Work order: Give back exactly the lines of the data below, starting with the line that has "u = adj(Q) v, so" and going on through the line that has "by (rule exI[of".
[[ Record set, beginning ]]
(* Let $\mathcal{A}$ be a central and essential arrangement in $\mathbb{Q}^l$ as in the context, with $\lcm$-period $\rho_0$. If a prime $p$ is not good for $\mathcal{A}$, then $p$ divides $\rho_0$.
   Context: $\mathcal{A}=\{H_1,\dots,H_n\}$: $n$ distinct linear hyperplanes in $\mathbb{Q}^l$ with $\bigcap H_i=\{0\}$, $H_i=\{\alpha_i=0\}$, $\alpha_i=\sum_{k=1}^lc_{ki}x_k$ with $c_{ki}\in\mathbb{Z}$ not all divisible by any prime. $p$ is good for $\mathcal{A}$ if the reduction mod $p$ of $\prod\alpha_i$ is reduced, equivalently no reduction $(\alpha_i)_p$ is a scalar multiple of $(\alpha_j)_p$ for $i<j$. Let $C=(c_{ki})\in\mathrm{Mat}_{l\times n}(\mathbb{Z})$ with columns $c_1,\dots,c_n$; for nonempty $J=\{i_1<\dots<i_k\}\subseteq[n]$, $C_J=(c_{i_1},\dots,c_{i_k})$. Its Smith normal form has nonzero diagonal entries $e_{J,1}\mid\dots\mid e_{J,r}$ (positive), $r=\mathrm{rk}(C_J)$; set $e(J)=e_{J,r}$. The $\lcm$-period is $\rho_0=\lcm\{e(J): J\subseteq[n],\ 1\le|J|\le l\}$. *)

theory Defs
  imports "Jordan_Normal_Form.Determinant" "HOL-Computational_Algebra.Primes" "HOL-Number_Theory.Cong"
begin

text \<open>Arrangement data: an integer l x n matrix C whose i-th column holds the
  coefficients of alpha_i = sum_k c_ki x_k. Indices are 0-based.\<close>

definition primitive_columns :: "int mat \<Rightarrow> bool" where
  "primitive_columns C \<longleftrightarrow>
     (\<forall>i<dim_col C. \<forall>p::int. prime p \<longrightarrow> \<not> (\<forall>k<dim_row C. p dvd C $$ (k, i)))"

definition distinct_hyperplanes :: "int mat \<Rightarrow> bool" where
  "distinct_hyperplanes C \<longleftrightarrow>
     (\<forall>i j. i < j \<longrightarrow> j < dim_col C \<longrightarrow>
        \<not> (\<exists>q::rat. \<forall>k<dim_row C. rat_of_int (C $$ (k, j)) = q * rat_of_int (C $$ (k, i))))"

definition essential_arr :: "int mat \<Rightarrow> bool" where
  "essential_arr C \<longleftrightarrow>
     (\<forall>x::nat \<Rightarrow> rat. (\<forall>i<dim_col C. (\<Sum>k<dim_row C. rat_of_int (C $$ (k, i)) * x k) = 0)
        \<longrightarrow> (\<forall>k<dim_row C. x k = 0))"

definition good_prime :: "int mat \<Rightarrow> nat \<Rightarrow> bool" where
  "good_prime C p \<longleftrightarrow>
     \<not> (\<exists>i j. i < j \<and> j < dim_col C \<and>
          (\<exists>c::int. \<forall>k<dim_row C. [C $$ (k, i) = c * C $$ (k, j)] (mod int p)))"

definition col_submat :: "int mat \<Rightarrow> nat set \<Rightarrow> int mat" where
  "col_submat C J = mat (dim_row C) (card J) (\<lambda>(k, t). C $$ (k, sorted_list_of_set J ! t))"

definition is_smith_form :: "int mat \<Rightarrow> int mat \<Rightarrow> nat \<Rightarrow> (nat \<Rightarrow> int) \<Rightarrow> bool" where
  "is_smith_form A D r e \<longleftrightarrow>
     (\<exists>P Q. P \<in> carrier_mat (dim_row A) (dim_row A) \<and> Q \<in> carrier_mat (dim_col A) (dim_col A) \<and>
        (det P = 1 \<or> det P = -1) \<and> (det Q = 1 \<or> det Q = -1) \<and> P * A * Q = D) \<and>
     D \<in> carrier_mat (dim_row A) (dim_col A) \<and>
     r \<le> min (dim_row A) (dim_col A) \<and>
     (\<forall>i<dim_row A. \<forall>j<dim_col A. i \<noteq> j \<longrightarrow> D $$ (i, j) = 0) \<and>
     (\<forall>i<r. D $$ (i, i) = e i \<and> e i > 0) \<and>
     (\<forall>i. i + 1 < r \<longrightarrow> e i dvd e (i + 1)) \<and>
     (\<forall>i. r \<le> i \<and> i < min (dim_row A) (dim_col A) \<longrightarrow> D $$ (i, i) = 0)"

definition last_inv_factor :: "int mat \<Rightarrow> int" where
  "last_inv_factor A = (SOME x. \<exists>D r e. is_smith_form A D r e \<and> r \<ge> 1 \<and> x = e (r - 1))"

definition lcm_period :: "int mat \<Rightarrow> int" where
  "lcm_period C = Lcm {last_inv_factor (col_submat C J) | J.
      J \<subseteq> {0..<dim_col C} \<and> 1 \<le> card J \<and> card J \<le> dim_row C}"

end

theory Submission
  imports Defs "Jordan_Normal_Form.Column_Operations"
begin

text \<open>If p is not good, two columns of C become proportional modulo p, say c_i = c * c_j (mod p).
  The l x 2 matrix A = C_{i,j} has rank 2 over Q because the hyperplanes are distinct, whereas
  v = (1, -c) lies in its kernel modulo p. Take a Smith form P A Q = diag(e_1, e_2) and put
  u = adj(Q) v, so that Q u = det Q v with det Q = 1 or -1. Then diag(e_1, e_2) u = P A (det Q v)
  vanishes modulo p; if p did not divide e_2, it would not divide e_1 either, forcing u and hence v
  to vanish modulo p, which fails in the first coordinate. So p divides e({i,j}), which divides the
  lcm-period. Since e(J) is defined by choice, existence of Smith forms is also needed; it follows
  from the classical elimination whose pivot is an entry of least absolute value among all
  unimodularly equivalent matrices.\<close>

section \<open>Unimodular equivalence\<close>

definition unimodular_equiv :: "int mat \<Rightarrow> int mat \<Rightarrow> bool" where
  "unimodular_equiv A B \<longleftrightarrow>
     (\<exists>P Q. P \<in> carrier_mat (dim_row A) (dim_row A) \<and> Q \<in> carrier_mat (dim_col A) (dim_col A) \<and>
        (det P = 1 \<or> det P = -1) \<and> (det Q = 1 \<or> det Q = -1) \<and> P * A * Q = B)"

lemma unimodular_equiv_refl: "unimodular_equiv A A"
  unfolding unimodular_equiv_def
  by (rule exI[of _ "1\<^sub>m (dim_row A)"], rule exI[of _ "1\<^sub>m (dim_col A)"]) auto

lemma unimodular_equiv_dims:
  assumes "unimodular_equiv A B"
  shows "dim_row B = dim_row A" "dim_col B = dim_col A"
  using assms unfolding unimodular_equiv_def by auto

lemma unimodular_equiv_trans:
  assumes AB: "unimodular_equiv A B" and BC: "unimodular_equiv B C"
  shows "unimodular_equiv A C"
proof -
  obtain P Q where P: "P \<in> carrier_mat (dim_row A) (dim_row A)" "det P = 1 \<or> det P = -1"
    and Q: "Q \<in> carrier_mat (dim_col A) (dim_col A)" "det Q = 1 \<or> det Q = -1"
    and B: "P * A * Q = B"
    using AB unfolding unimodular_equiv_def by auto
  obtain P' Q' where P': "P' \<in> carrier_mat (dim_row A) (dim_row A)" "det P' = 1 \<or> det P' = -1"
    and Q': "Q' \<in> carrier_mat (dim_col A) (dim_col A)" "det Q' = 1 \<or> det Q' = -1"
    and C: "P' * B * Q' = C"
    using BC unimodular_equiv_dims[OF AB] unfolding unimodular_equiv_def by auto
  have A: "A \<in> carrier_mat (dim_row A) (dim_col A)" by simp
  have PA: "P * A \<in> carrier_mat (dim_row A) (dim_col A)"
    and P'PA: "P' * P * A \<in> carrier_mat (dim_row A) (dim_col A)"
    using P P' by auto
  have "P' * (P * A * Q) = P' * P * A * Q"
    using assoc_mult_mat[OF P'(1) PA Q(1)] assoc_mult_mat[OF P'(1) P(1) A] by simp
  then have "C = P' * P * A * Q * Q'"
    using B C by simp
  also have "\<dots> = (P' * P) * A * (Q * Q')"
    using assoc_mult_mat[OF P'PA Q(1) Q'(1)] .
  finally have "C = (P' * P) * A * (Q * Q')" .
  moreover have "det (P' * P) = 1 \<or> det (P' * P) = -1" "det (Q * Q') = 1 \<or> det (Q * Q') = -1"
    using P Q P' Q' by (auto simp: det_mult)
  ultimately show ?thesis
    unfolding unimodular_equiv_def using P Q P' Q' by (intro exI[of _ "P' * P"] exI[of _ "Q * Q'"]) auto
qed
[[ Record set, end ]]
Answer box:
  u = adj(Q) v, so that Q u = det Q v with det Q = 1 or -1. Then diag(e_1, e_2) u = P A (det Q v)
  vanishes modulo p; if p did not divide e_2, it would not divide e_1 either, forcing u and hence v
  to vanish modulo p, which fails in the first coordinate. So p divides e({i,j}), which divides the
  lcm-period. Since e(J) is defined by choice, existence of Smith forms is also needed; it follows
  from the classical elimination whose pivot is an entry of least absolute value among all
  unimodularly equivalent matrices.\<close>

section \<open>Unimodular equivalence\<close>

definition unimodular_equiv :: "int mat \<Rightarrow> int mat \<Rightarrow> bool" where
  "unimodular_equiv A B \<longleftrightarrow>
     (\<exists>P Q. P \<in> carrier_mat (dim_row A) (dim_row A) \<and> Q \<in> carrier_mat (dim_col A) (dim_col A) \<and>
        (det P = 1 \<or> det P = -1) \<and> (det Q = 1 \<or> det Q = -1) \<and> P * A * Q = B)"

lemma unimodular_equiv_refl: "unimodular_equiv A A"
  unfolding unimodular_equiv_def
  by (rule exI[of _ "1\<^sub>m (dim_row A)"], rule exI[of _ "1\<^sub>m (dim_col A)"]) auto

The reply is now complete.